▸ **Available records**:

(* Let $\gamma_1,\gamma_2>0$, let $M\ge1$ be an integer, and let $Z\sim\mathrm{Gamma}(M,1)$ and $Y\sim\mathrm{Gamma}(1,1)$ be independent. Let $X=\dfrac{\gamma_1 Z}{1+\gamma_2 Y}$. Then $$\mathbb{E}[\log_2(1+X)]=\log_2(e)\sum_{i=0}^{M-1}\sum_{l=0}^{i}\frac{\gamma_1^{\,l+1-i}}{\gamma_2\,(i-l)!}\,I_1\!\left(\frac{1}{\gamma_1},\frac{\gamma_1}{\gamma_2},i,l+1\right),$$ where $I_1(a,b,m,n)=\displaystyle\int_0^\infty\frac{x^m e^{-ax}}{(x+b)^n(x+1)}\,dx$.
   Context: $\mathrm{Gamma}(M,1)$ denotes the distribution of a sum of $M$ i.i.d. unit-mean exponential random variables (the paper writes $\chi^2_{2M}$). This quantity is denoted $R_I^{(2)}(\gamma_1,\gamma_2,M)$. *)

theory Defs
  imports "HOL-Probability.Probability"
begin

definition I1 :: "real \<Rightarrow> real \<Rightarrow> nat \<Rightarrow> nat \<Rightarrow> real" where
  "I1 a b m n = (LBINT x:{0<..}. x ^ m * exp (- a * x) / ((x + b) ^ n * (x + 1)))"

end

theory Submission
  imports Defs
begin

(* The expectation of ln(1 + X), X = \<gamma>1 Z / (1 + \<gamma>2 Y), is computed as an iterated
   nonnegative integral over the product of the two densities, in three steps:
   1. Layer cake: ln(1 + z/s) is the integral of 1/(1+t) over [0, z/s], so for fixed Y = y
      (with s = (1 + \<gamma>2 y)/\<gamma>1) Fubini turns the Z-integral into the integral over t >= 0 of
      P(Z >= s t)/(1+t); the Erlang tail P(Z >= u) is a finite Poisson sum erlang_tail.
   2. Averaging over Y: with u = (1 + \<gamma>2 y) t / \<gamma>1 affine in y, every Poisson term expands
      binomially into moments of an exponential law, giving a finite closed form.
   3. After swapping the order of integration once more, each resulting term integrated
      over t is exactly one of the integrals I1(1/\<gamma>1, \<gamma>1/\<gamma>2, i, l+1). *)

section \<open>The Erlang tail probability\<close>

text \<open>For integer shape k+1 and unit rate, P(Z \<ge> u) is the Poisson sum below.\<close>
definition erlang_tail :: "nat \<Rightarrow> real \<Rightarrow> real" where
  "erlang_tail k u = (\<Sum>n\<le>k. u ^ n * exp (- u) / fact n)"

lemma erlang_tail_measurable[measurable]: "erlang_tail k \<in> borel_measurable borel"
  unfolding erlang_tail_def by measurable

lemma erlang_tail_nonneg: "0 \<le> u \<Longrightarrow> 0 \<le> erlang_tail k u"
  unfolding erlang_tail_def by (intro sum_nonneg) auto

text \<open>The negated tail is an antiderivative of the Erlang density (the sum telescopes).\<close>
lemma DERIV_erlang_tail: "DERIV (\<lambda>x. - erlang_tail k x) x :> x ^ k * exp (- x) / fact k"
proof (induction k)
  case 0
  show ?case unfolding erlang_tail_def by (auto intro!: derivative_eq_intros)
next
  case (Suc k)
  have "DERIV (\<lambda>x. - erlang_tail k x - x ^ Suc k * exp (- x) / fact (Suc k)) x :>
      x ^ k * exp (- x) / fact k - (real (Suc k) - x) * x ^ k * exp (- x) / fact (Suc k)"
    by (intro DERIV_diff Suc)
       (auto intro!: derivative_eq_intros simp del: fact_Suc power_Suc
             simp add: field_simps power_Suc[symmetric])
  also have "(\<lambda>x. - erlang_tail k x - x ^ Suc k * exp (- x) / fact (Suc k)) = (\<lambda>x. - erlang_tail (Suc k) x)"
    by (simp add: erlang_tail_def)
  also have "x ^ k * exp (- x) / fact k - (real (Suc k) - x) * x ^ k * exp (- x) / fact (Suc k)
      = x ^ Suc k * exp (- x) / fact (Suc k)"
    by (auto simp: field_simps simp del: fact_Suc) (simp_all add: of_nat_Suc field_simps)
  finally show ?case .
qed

▸ **Problem to work on**: The word "real" appears in some lines above. Return every one of those lines.

▸ **Result of the exercise**:
definition I1 :: "real \<Rightarrow> real \<Rightarrow> nat \<Rightarrow> nat \<Rightarrow> real" where
definition erlang_tail :: "nat \<Rightarrow> real \<Rightarrow> real" where
      x ^ k * exp (- x) / fact k - (real (Suc k) - x) * x ^ k * exp (- x) / fact (Suc k)"
  also have "x ^ k * exp (- x) / fact k - (real (Suc k) - x) * x ^ k * exp (- x) / fact (Suc k)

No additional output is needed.